U.S. Girls – In a Poem Unlimited
With In a Poem Unlimited, Meghan Remy's U.S. Girls have created a timeless gem of an album that is about as powerful as pop music can be
A decade ago, Meghan Remy used just a 4-track recorder and a microphone to self-produce a collection of caustic musical ruminations. These eerie, seemingly off-the-cuff pieces felt impossible to grasp in the static surrounding them, but the tension in her voice couldn’t be clearer. Six albums later, Remy is still grappling with that same tension. Now, she uses sparkling pop, detailed compositions and a varied cast of collaborators to suck us in, before the darker side of her work looms over.
In a Poem Unlimited is a stunning look at abuses of power, especially those directed at women from men they trust. On M.A.H., Remy delivers the line: 'We can never know the hands we’re in / Until we feel them grip / Choking off our air supply' as if it’s a lullaby. Her theatrical vocal tumbles over an ABBA-channeling disco instrumental. The buoyant basslines, conga drum-breaks and unabashedly classy melody are irresistible. Your stomach drops as soon as the sinister lyrics flicker through.
It’s a clever stylistic choice that carries through the album – by far the brightest sounding Remy has ever released. Velvet 4 Sale opens it all with a weary sigh, before blossoming with sunny horns and a blistering guitar solo. The bombastic Incidental Boogie makes the loud/quiet dynamic sound fresh, while the enveloping disco of Rosebud could pass for a Kylie instrumental if it wasn’t so damn elegant.
Remy’s vocal control commands it all, with its restraint, with its wild, expressive high-end, and with its mysterious coldness. 'Let’s face it! Admit that it’s all related!' she shouts on Rosebud, beckoning the listener to look inward at their own part in injustice. With a few notes, the album clicks into place. On Pearly Gates, she winds a disturbing satire about a woman who is forced into sex by St Peter to get into heaven, supported by slinky backing vocals that feel plucked from Aquemini. That doesn’t sound like it should work, but Remy’s poise and attention to craft sell the twisted parable completely.

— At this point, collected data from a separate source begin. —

(* For nonzero integers $n$ define $r(n)=\prod_{p\mid n\text{ prime}}\frac{-p^{4-3\operatorname{ord}_p(n)}}{p^3-p-1}$, and let $S=\prod_{p\text{ prime}}(1-p/(p^3-1))$. For $n\ge1$ put $$S_{1,n}=\sum_{i\ge1}\sum_{\substack{j\ge1\\ n\mid ij}}\frac{\mu(j)}{i^2j\varphi(ij)},\qquad S'_{2,n}=\sum_{\substack{i\ge1\\ 2\mid i}}\ \sum_{\substack{j\ge1\\ n\mid ij}}\frac{\mu(j)}{i^2j\,\varphi(ij)}.$$ Then $S_{1,n}=r(n)S$, and $S'_{2,n}=\frac{3}{10}r(n)S$ if $n$ is odd, while $S'_{2,n}=r(n)S$ if $4\mid n$.
   Context: $\mu$ is the Möbius function, $\varphi$ Euler's totient function, and $\operatorname{ord}_p(n)$ the exponent of the prime $p$ in $n$. *)

theory Defs
  imports "HOL-Analysis.Analysis" "HOL-Number_Theory.Number_Theory"
    "HOL-Computational_Algebra.Squarefree"
begin

definition moebius_mu :: "nat \<Rightarrow> int" where
  "moebius_mu n = (if n = 0 \<or> \<not> squarefree n then 0 else (-1) ^ card (prime_factors n))"

definition r_fun :: "int \<Rightarrow> real" where
  "r_fun n = (\<Prod>p\<in>prime_factors n.
      - (real_of_int p powi (4 - 3 * int (multiplicity p n))) / (real_of_int p ^ 3 - real_of_int p - 1))"

definition S_const :: real where
  "S_const = (\<Prod>p. if prime (p::nat) then 1 - real p / (real p ^ 3 - 1) else 1)"

definition S1 :: "nat \<Rightarrow> real" where
  "S1 n = (\<Sum>\<^sub>\<infinity>i\<in>{i::nat. i \<ge> 1}.
             \<Sum>\<^sub>\<infinity>j\<in>{j::nat. j \<ge> 1 \<and> n dvd i * j}.
               real_of_int (moebius_mu j) / (real i ^ 2 * real j * real (totient (i * j))))"

definition S2' :: "nat \<Rightarrow> real" where
  "S2' n = (\<Sum>\<^sub>\<infinity>i\<in>{i::nat. i \<ge> 1 \<and> even i}.
             \<Sum>\<^sub>\<infinity>j\<in>{j::nat. j \<ge> 1 \<and> n dvd i * j}.
               real_of_int (moebius_mu j) / (real i ^ 2 * real j * real (totient (i * j))))"

end

theory Submission
  imports Defs
begin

While her previous 4AD release, Half Free, used dreamlike samples to evoke its classic American pop atmosphere, In a Poem Unlimited emulates the real thing. Its instrumentals are timeless, genreless and genderless. This is no mistake. On Time, she repeats 'When there is nothing there is still time / There is still time, mountains of time' while her band race forward. Bleating saxophones, dusty guitars and thrashing symbols gallop on, fusing all the Western glitz of her work into an urgent seven-minute freakout. In a Poem Unlimited lives up to its aim and its name. It’s a reflection of abuse that feels all-encompassing, and of this era. It’s a timeless gem of an album that is about as powerful as pop music can be.
Listen to: Rosebud, Incidental Boogie, M.A.H.